As we’ve seen in these last three chapters, the scientific approaches to making predictions in the areas of weather, health, and wealth share much in common. Atmospheric and economic forecasts have always been linked, even more so when agriculture played a larger part in the economy. This was acknowledged by the Victorian scientist Stanley Jevons when he attempted to predict the business cycle by monitoring sunspots. Francis Galton used his statistical methods to study inheritance, but they have proved equally useful— and much less controversial—in economics. Today, the techniques used by scientists are essentially the same in all three areas, and all have their roots in nineteenth-century astronomy.

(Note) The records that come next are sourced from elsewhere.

text \<open>A linear map of determinant \<open>e ^ 5\<close> fixing the point \<open>(1, 0)\<close>; as \<open>e \<rightarrow> 0\<close> it contracts
  the open upper half plane to the origin.\<close>

definition collapse :: "real \<Rightarrow> real \<Rightarrow> hpoint \<Rightarrow> hpoint" where
  "collapse K e w = (fst w * e\<^sup>2 - K * (snd (snd w) - fst w) * e ^ 3, - (snd (snd w) - fst w) * e ^ 3,
      fst w * e\<^sup>2 + (snd (snd w) - fst w) * e ^ 3 + fst (snd w))"

definition collapsed :: "real \<Rightarrow> real \<Rightarrow> real \<times> real \<Rightarrow> real \<times> real" where
  "collapsed K e v = dehom (collapse K e (hom v))"

definition root_hpoint :: "real \<Rightarrow> real \<Rightarrow> hpoint" where
  "root_hpoint K e = (- K * e, - e, 1 + e)"

definition root_point :: "real \<Rightarrow> real \<Rightarrow> real \<times> real" where
  "root_point K e = dehom (root_hpoint K e)"

lemma det3_collapse: "det3 (collapse K e a) (collapse K e b) (collapse K e c) = e ^ 5 * det3 a b c"
  by (simp add: det3_def collapse_def algebra_simps power2_eq_square power3_eq_cube
      power_numeral_reduce)

lemma collapse_weight: "snd (snd (collapse K e (hom v))) = fst v * e\<^sup>2 + (1 - fst v) * e ^ 3 + snd v"
  by (simp add: collapse_def hom_def)

lemma collapsed_fixpoint: "e \<noteq> 0 \<Longrightarrow> collapsed K e (1, 0) = (1, 0)"
  by (simp add: collapsed_def collapse_def hom_def dehom_def)

lemma collapse_above_origin: "collapse K e (hom (0, e\<^sup>2)) = e\<^sup>2 *\<^sub>R root_hpoint K e"
  by (simp add: collapse_def hom_def root_hpoint_def algebra_simps power2_eq_square power3_eq_cube)

lemma root_point_eq_collapsed: "e \<noteq> 0 \<Longrightarrow> root_point K e = collapsed K e (0, e\<^sup>2)"
  by (simp add: root_point_def collapsed_def collapse_above_origin dehom_def)

lemma sgn_orient_collapsed:
  assumes "e > 0" "snd (snd (collapse K e (hom a))) > 0" "snd (snd (collapse K e (hom b))) > 0"
    "snd (snd (collapse K e (hom c))) > 0"
  shows "sgn (orient (collapsed K e a) (collapsed K e b) (collapsed K e c)) = sgn (orient a b c)"
  using assms by (simp add: collapsed_def sgn_orient_dehom det3_collapse det3_hom sgn_mult)

lemma eventually_sgn_eq_at_right_0:
  fixes F G :: "real \<Rightarrow> real"
  assumes "isCont G 0" "G 0 \<noteq> 0" "\<And>e. e > 0 \<Longrightarrow> F e = e ^ k * G e"
  shows "eventually (\<lambda>e. sgn (F e) = sgn (G 0)) (at_right 0)"
proof -
  have "(G \<longlongrightarrow> G 0) (at_right 0)"
    using assms(1) unfolding isCont_def by (rule tendsto_within_subset) simp
  then have "eventually (\<lambda>e. sgn (G e) = sgn (G 0)) (at_right 0)"
  proof (cases "G 0 > 0")
    case True
    show ?thesis
      using order_tendstoD(1)[OF \<open>(G \<longlongrightarrow> G 0) (at_right 0)\<close> True]
      by eventually_elim (simp add: True)
  next
    case False
    then have "G 0 < 0"
      using assms(2) by simp
    show ?thesis
      using order_tendstoD(2)[OF \<open>(G \<longlongrightarrow> G 0) (at_right 0)\<close> \<open>G 0 < 0\<close>]
      by eventually_elim (simp add: \<open>G 0 < 0\<close>)
  qed
  moreover have "eventually (\<lambda>e. e > (0::real)) (at_right 0)"
    by (rule eventually_at_right_less)
  ultimately show ?thesis
    by eventually_elim (simp add: assms(3) sgn_mult)
qed

lemma eventually_collapse_weight_pos:
  assumes "0 < snd v \<or> v = (1, 0)"
  shows "eventually (\<lambda>e. 0 < snd (snd (collapse K e (hom v)))) (at_right 0)"
proof (cases "v = (1, 0)")
  case True
  have "eventually (\<lambda>e. e > (0::real)) (at_right 0)"
    by (rule eventually_at_right_less)
  then show ?thesis
    by eventually_elim (simp add: True collapse_weight)
next
  case False
  with assms have "0 < snd v"
    by simp
  define W where "W e = snd (snd (collapse K e (hom v)))" for e
  have "isCont W 0" "W 0 = snd v"
    unfolding W_def collapse_weight by (intro continuous_intros) simp
  then have "eventually (\<lambda>e. sgn (W e) = sgn (W 0)) (at_right 0)"
    using \<open>0 < snd v\<close> by (intro eventually_sgn_eq_at_right_0[where k = 0]) auto
  then show ?thesis
    by eventually_elim (use \<open>0 < snd v\<close> \<open>W 0 = snd v\<close> in \<open>simp add: W_def sgn_real_def split: if_splits\<close>)
qed

lemma eventually_sgn_orient_near_origin:
  fixes w :: "real \<Rightarrow> hpoint"
  assumes "isCont w 0" "w 0 = (0, 0, t)" "t > 0" "orient a b 0 \<noteq> 0"
  shows "eventually (\<lambda>e. sgn (orient a b (dehom (w e))) = sgn (orient a b 0)) (at_right 0)"
proof -
  define G where "G e = det3 (hom a) (hom b) (w e)" for e
  have "isCont G 0"
    unfolding G_def det3_def by (intro continuous_intros assms(1))
  moreover have G0: "G 0 = t * orient a b 0"
    by (simp add: G_def det3_def hom_def orient_def assms(2) algebra_simps)
  ultimately have "eventually (\<lambda>e. sgn (G e) = sgn (G 0)) (at_right 0)"
    using assms(3,4) by (intro eventually_sgn_eq_at_right_0[where k = 0]) auto
  moreover have "(w \<longlongrightarrow> w 0) (at_right 0)"
    using assms(1) unfolding isCont_def by (rule tendsto_within_subset) simp
  then have "((\<lambda>e. snd (snd (w e))) \<longlongrightarrow> snd (snd (w 0))) (at_right 0)"
    by (intro tendsto_snd)
  then have "eventually (\<lambda>e. snd (snd (w e)) > 0) (at_right 0)"
    using assms(2,3) by (simp add: order_tendstoD(1))
  ultimately show ?thesis
  proof eventually_elim
    case (elim e)
    have "sgn (orient a b (dehom (w e))) = sgn (G e)"
      using sgn_orient_dehom[of "hom a" "hom b" "w e"] elim(2) by (simp add: G_def)
    then show ?case
      using elim(1) G0 assms(3) by (simp add: sgn_mult)
  qed
qed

While celestial objects are happy to obey dictates like the law of gravity, and are amenable to modelling by equations, systems like the weather and the economy appear more anarchic. The rules they obey are local and social in nature, rather than global. As a result, in all three areas of prediction, scientists run into the same problems. The underlying system is uncomputable, so models rely on parameterizations that introduce model errors. As the model is refined, the number of unknown parameters increases. The multiple feedback loops that characterize such models also make them sensitive to even small errors in parameterization. As a result, the models are highly flexible and can be made to match past data, but accurate predictions of the future remain elusive. The models are often most useful as tools for understanding the present function of the underlying systems.

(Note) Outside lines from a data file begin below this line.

(* Let $(G,D,\star)$ be a probabilistic metric space such that $\star$ is sup-continuous, let $A$ be a nonempty subset of $G$, and let $f:A\to\Delta^+$ be a probabilistic $1$-Lipschitz map (i.e. $D(x,y)\star f(y)\le f(x)$ for all $x,y\in A$). Then there exists a probabilistic $1$-Lipschitz map $\tilde f:G\to\Delta^+$ with $\tilde f|_A=f$.
   Context: A distribution function is a nondecreasing, left-continuous function $F:[-\infty,+\infty]\to[0,1]$ with $F(-\infty)=0$, $F(+\infty)=1$; $\Delta^+$ is the set of distribution functions with $F(0)=0$, ordered pointwise; $(\Delta^+,\le)$ is a complete lattice with maximum $\mathcal H_0$ ($\mathcal H_0(t)=0$ for $t\le0$, $1$ for $t>0$). A triangle function is a binary operation $\star$ on $\Delta^+$ that is commutative, associative, nondecreasing in each argument, with $F\star\mathcal H_0=F$. It is sup-continuous if $\sup_{i\in I}(F_i\star L)=(\sup_{i\in I}F_i)\star L$ for every nonempty family $(F_i)_{i\in I}\subset\Delta^+$ and every $L\in\Delta^+$. A probabilistic metric space $(G,D,\star)$ consists of a set $G$, a triangle function $\star$ and $D:G\times G\to\Delta^+$ with (i) $D(p,q)=\mathcal H_0$ iff $p=q$; (ii) $D(p,q)=D(q,p)$; (iii) $D(p,q)\star D(q,r)\le D(p,r)$. A map $f:G\to\Delta^+$ is probabilistic $1$-Lipschitz if $D(x,y)\star f(y)\le f(x)$ for all $x,y\in G$. *)

theory Defs
  imports "HOL-Analysis.Analysis"
begin

type_synonym dfun = "ereal \<Rightarrow> real"

definition distribution_function :: "dfun \<Rightarrow> bool" where
  "distribution_function F \<longleftrightarrow>
     mono F \<and> (\<forall>t. 0 \<le> F t \<and> F t \<le> 1) \<and>
     (\<forall>x::real. ((\<lambda>y::real. F (ereal y)) \<longlongrightarrow> F (ereal x)) (at_left x)) \<and>
     F (-\<infinity>) = 0 \<and> F \<infinity> = 1"

definition DeltaPlus :: "dfun set" where
  "DeltaPlus = {F. distribution_function F \<and> F 0 = 0}"

definition H0 :: dfun where
  "H0 t = (if t \<le> 0 then 0 else 1)"

definition triangle_function :: "(dfun \<Rightarrow> dfun \<Rightarrow> dfun) \<Rightarrow> bool" where
  "triangle_function T \<longleftrightarrow>
     (\<forall>F\<in>DeltaPlus. \<forall>G\<in>DeltaPlus. T F G \<in> DeltaPlus) \<and>
     (\<forall>F\<in>DeltaPlus. \<forall>G\<in>DeltaPlus. T F G = T G F) \<and>
     (\<forall>F\<in>DeltaPlus. \<forall>G\<in>DeltaPlus. \<forall>K\<in>DeltaPlus. T (T F G) K = T F (T G K)) \<and>
     (\<forall>F\<in>DeltaPlus. \<forall>G\<in>DeltaPlus. \<forall>L\<in>DeltaPlus. F \<le> G \<longrightarrow> T F L \<le> T G L) \<and>
     (\<forall>F\<in>DeltaPlus. T F H0 = F)"

text \<open>The supremum in the complete lattice (Delta+, <=) of a nonempty family
is the pointwise supremum.\<close>
definition dsup :: "'i set \<Rightarrow> ('i \<Rightarrow> dfun) \<Rightarrow> dfun" where
  "dsup I Fs = (\<lambda>t. SUP i\<in>I. Fs i t)"

definition sup_continuous_tf :: "(dfun \<Rightarrow> dfun \<Rightarrow> dfun) \<Rightarrow> bool" where
  "sup_continuous_tf T \<longleftrightarrow>
     (\<forall>(I::dfun set) (Fs::dfun \<Rightarrow> dfun) L. I \<noteq> {} \<longrightarrow> Fs ` I \<subseteq> DeltaPlus \<longrightarrow> L \<in> DeltaPlus \<longrightarrow>
        dsup I (\<lambda>i. T (Fs i) L) = T (dsup I Fs) L)"

definition PM_space :: "'a set \<Rightarrow> ('a \<Rightarrow> 'a \<Rightarrow> dfun) \<Rightarrow> (dfun \<Rightarrow> dfun \<Rightarrow> dfun) \<Rightarrow> bool" where
  "PM_space G D T \<longleftrightarrow> triangle_function T \<and>
     (\<forall>p\<in>G. \<forall>q\<in>G. D p q \<in> DeltaPlus) \<and>
     (\<forall>p\<in>G. \<forall>q\<in>G. D p q = H0 \<longleftrightarrow> p = q) \<and>
     (\<forall>p\<in>G. \<forall>q\<in>G. D p q = D q p) \<and>
     (\<forall>p\<in>G. \<forall>q\<in>G. \<forall>r\<in>G. T (D p q) (D q r) \<le> D p r)"

definition prob_lipschitz_on :: "'a set \<Rightarrow> ('a \<Rightarrow> 'a \<Rightarrow> dfun) \<Rightarrow> (dfun \<Rightarrow> dfun \<Rightarrow> dfun) \<Rightarrow> ('a \<Rightarrow> dfun) \<Rightarrow> bool" where
  "prob_lipschitz_on S D T f \<longleftrightarrow>
     (\<forall>x\<in>S. f x \<in> DeltaPlus) \<and> (\<forall>x\<in>S. \<forall>y\<in>S. T (D x y) (f y) \<le> f x)"

end

theory Submission
  imports Defs
begin

text \<open>McShane's construction: extend f by g x = sup over a in A of T (D x a) (f a).
  Pointwise suprema of nonempty families stay in Delta+, so g takes values in Delta+.
  Sup-continuity moves T (D x y) inside the supremum defining g y, after which the
  triangle inequality T (D x y) (D y a) \<le> D x a gives the Lipschitz property.
  On A the term a = x contributes T H0 (f x) = f x, while the Lipschitz property of f
  bounds every other term by f x.\<close>

lemma DeltaPlusD:
  assumes "F \<in> DeltaPlus"
  shows "mono F" "0 \<le> F t" "F t \<le> 1" "F (-\<infinity>) = 0" "F \<infinity> = 1" "F 0 = 0"
    "((\<lambda>y::real. F (ereal y)) \<longlongrightarrow> F (ereal x)) (at_left x)"
  using assms unfolding DeltaPlus_def distribution_function_def by auto

lemma bdd_above_DeltaPlus_image:
  "(\<And>i. i \<in> I \<Longrightarrow> F i \<in> DeltaPlus) \<Longrightarrow> bdd_above ((\<lambda>i. F i t) ` I)"
  by (rule bdd_aboveI[where M=1]) (auto dest: DeltaPlusD)

lemma SUP_in_DeltaPlus:
  assumes ne: "I \<noteq> {}" and F: "\<And>i. i \<in> I \<Longrightarrow> F i \<in> DeltaPlus"
  shows "(\<lambda>t. SUP i\<in>I. F i t) \<in> DeltaPlus"
proof -
  let ?S = "\<lambda>t. SUP i\<in>I. F i t"
  have bdd: "\<And>t. bdd_above ((\<lambda>i. F i t) ` I)" by (rule bdd_above_DeltaPlus_image) (rule F)
  have SUP_const: "?S t = c" if "\<And>i. i \<in> I \<Longrightarrow> F i t = c" for t c
    using that ne by simp
  have upper: "F i t \<le> ?S t" if "i \<in> I" for i t using cSUP_upper[OF that bdd] .
  have mono: "mono ?S"
  proof (rule monoI)
    fix s t :: ereal assume "s \<le> t"
    show "?S s \<le> ?S t"
      by (rule cSUP_mono[OF ne bdd]) (use \<open>s \<le> t\<close> F in \<open>auto dest!: DeltaPlusD(1) monoD\<close>)
  qed
  have nonneg: "0 \<le> ?S t" for t
  proof -
    obtain i where "i \<in> I" using ne by auto
    thus ?thesis using upper[of i t] DeltaPlusD(2)[OF F, of i t] by (meson order_trans)
  qed
  have le_one: "?S t \<le> 1" for t
    by (rule cSUP_least[OF ne]) (use F in \<open>auto dest: DeltaPlusD\<close>)
  have left_cont: "((\<lambda>y::real. ?S (ereal y)) \<longlongrightarrow> ?S (ereal x)) (at_left x)" for x
  proof (rule order_tendstoI)
    fix a assume a: "a > ?S (ereal x)"
    show "\<forall>\<^sub>F y in at_left x. ?S (ereal y) < a"
      unfolding eventually_at_left_field
      by (rule exI[of _ "x - 1"]) (auto intro: le_less_trans[OF monoD[OF mono] a])
  next
    fix a assume "a < ?S (ereal x)"
    then obtain i where i: "i \<in> I" "a < F i (ereal x)"
      using less_cSUP_iff[OF ne bdd] by blast
    have "\<forall>\<^sub>F y in at_left x. a < F i (ereal y)"
      using order_tendstoD(1)[OF DeltaPlusD(7)[OF F[OF i(1)]] i(2)] .
    thus "\<forall>\<^sub>F y in at_left x. a < ?S (ereal y)"
      by eventually_elim (use upper[OF i(1)] in \<open>fastforce intro: less_le_trans\<close>)
  qed
  have "?S (-\<infinity>) = 0" "?S \<infinity> = 1" "?S 0 = 0"
    by (rule SUP_const; use F in \<open>auto dest: DeltaPlusD\<close>)+
  with mono nonneg le_one left_cont show ?thesis
    unfolding DeltaPlus_def distribution_function_def by auto
qed

lemma triangle_functionD:
  assumes "triangle_function T"
  shows "F \<in> DeltaPlus \<Longrightarrow> K \<in> DeltaPlus \<Longrightarrow> T F K \<in> DeltaPlus"
    and "F \<in> DeltaPlus \<Longrightarrow> K \<in> DeltaPlus \<Longrightarrow> T F K = T K F"
    and "F \<in> DeltaPlus \<Longrightarrow> K \<in> DeltaPlus \<Longrightarrow> L \<in> DeltaPlus \<Longrightarrow> T (T F K) L = T F (T K L)"
    and "F \<in> DeltaPlus \<Longrightarrow> K \<in> DeltaPlus \<Longrightarrow> L \<in> DeltaPlus \<Longrightarrow> F \<le> K \<Longrightarrow> T F L \<le> T K L"
    and "F \<in> DeltaPlus \<Longrightarrow> T F H0 = F"
  using assms unfolding triangle_function_def by auto

lemma PM_spaceD:
  assumes "PM_space G D T"
  shows "triangle_function T"
    and "p \<in> G \<Longrightarrow> q \<in> G \<Longrightarrow> D p q \<in> DeltaPlus"
    and "p \<in> G \<Longrightarrow> D p p = H0"
    and "p \<in> G \<Longrightarrow> q \<in> G \<Longrightarrow> r \<in> G \<Longrightarrow> T (D p q) (D q r) \<le> D p r"
  using assms unfolding PM_space_def by auto

definition mcshane_ext ::
    "'a set \<Rightarrow> ('a \<Rightarrow> 'a \<Rightarrow> dfun) \<Rightarrow> (dfun \<Rightarrow> dfun \<Rightarrow> dfun) \<Rightarrow> ('a \<Rightarrow> dfun) \<Rightarrow> 'a \<Rightarrow> dfun" where
  "mcshane_ext A D T f x = (\<lambda>t. SUP a\<in>A. T (D x a) (f a) t)"

context
  fixes G A :: "'a set" and D :: "'a \<Rightarrow> 'a \<Rightarrow> dfun" and T :: "dfun \<Rightarrow> dfun \<Rightarrow> dfun"
    and f :: "'a \<Rightarrow> dfun"
  assumes pm: "PM_space G D T" and A: "A \<subseteq> G" "A \<noteq> {}"
    and f: "\<And>a. a \<in> A \<Longrightarrow> f a \<in> DeltaPlus"
begin

lemma mcshane_term_in_DeltaPlus:
  assumes "x \<in> G" "a \<in> A"
  shows "T (D x a) (f a) \<in> DeltaPlus"
proof -
  from assms A(1) have "a \<in> G" by auto
  with assms show ?thesis
    by (intro triangle_functionD(1)[OF PM_spaceD(1)[OF pm]] PM_spaceD(2)[OF pm] f)
qed

lemma mcshane_term_le: "x \<in> G \<Longrightarrow> a \<in> A \<Longrightarrow> T (D x a) (f a) t \<le> mcshane_ext A D T f x t"
  unfolding mcshane_ext_def
  by (rule cSUP_upper) (auto intro: bdd_above_DeltaPlus_image mcshane_term_in_DeltaPlus)

lemma mcshane_ext_in_DeltaPlus: "x \<in> G \<Longrightarrow> mcshane_ext A D T f x \<in> DeltaPlus"
  unfolding mcshane_ext_def by (rule SUP_in_DeltaPlus[OF A(2) mcshane_term_in_DeltaPlus])

lemma mcshane_ext_lipschitz:
  assumes sc: "sup_continuous_tf T" and x: "x \<in> G" and y: "y \<in> G"
  shows "T (D x y) (mcshane_ext A D T f y) \<le> mcshane_ext A D T f x"
proof -
  note tf = PM_spaceD(1)[OF pm] and Dxy = PM_spaceD(2)[OF pm x y]
  let ?I = "(\<lambda>a. T (D y a) (f a)) ` A"
  have gy: "mcshane_ext A D T f y = dsup ?I id"
    unfolding mcshane_ext_def dsup_def by (simp add: image_image)
  have I: "id ` ?I \<subseteq> DeltaPlus" using mcshane_term_in_DeltaPlus y by auto
  have "T (D x y) (mcshane_ext A D T f y) = T (mcshane_ext A D T f y) (D x y)"
    using triangle_functionD(2)[OF tf Dxy mcshane_ext_in_DeltaPlus[OF y]] .
  also have "\<dots> = dsup ?I (\<lambda>F. T (id F) (D x y))"
    unfolding gy
    by (rule sc[unfolded sup_continuous_tf_def, rule_format, OF _ I Dxy, symmetric])
      (use A(2) in simp)
  also have "\<dots> = (\<lambda>t. SUP a\<in>A. T (T (D y a) (f a)) (D x y) t)"
    unfolding dsup_def by (simp add: image_image)
  also have "\<dots> \<le> mcshane_ext A D T f x"
  proof (rule le_funI, rule cSUP_least[OF A(2)])
    fix t a assume a: "a \<in> A"
    with A(1) have aG: "a \<in> G" by auto
    note Dya = PM_spaceD(2)[OF pm y aG] and fa = f[OF a]
    have "T (T (D y a) (f a)) (D x y) = T (D x y) (T (D y a) (f a))"
      using Dxy Dya fa by (intro triangle_functionD(1,2)[OF tf])
    also have "\<dots> = T (T (D x y) (D y a)) (f a)"
      by (rule triangle_functionD(3)[OF tf Dxy Dya fa, symmetric])
    also have "\<dots> \<le> T (D x a) (f a)"
      using Dxy Dya fa PM_spaceD(4)[OF pm x y aG] PM_spaceD(2)[OF pm x aG]
      by (intro triangle_functionD(4)[OF tf]) (simp_all add: triangle_functionD(1)[OF tf])
    finally show "T (T (D y a) (f a)) (D x y) t \<le> mcshane_ext A D T f x t"
      using mcshane_term_le[OF x a, of t] by (auto simp: le_fun_def intro: order_trans)
  qed
  finally show ?thesis .
qed

lemma mcshane_ext_eq:
  assumes lip: "\<And>x y. x \<in> A \<Longrightarrow> y \<in> A \<Longrightarrow> T (D x y) (f y) \<le> f x" and x: "x \<in> A"
  shows "mcshane_ext A D T f x = f x"
proof (rule ext, rule antisym)
  fix t
  from x A(1) have xG: "x \<in> G" by auto
  note tf = PM_spaceD(1)[OF pm] and Dxx = PM_spaceD(3)[OF pm xG]
  have "H0 \<in> DeltaPlus" using PM_spaceD(2)[OF pm xG xG] Dxx by simp
  then have "T (D x x) (f x) = f x"
    unfolding Dxx using triangle_functionD(2,5)[OF tf f[OF x]] by simp
  then show "f x t \<le> mcshane_ext A D T f x t"
    using mcshane_term_le[OF xG x, of t] by simp
  show "mcshane_ext A D T f x t \<le> f x t"
    unfolding mcshane_ext_def
    by (rule cSUP_least[OF A(2)]) (use lip x in \<open>auto simp: le_fun_def\<close>)
qed

end

theorem mainTheorem4:
  fixes G A :: "'a set" and D :: "'a \<Rightarrow> 'a \<Rightarrow> dfun" and T :: "dfun \<Rightarrow> dfun \<Rightarrow> dfun"
    and f :: "'a \<Rightarrow> dfun"
  assumes "PM_space G D T" and "sup_continuous_tf T"
    and "A \<subseteq> G" and "A \<noteq> {}"
    and "prob_lipschitz_on A D T f"
  shows "\<exists>g. prob_lipschitz_on G D T g \<and> (\<forall>x\<in>A. g x = f x)"
proof (intro exI conjI ballI)
  have f: "\<And>a. a \<in> A \<Longrightarrow> f a \<in> DeltaPlus"
    and lip: "\<And>x y. x \<in> A \<Longrightarrow> y \<in> A \<Longrightarrow> T (D x y) (f y) \<le> f x"
    using assms(5) unfolding prob_lipschitz_on_def by auto
  show "prob_lipschitz_on G D T (mcshane_ext A D T f)"
    unfolding prob_lipschitz_on_def
  proof (intro conjI ballI)
    show "mcshane_ext A D T f x \<in> DeltaPlus" if "x \<in> G" for x
      by (rule mcshane_ext_in_DeltaPlus[OF assms(1,3,4) f that])
    show "T (D x y) (mcshane_ext A D T f y) \<le> mcshane_ext A D T f x" if "x \<in> G" "y \<in> G" for x y
      by (rule mcshane_ext_lipschitz[OF assms(1,3,4) f assms(2) that])
  qed
  show "mcshane_ext A D T f x = f x" if "x \<in> A" for x
    by (rule mcshane_ext_eq[OF assms(1,3,4) f lip that])
qed

end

The three areas of scientific forecasting—weather, health, and wealth—are like siblings. They have the same origins, grew up together, and hung out with some of the same people. Each has its own character. Weather, the eldest, is the one the others look up to, because it is closest to the stars and knows physics. Health, the youngest, used to get in trouble, but it’s flush with optimism as it prepares to come of age. (In its school yearbook, it was voted most likely to find a cure for cancer.) Wealth is the narcissist, spending its days preening in front of the mirror, in thrall to its own beauty and efficiency. In the final part of the book, we find out how these would-be clairvoyants fare as they join forces to take on the greatest challenge of all—a long-term prediction for the planet.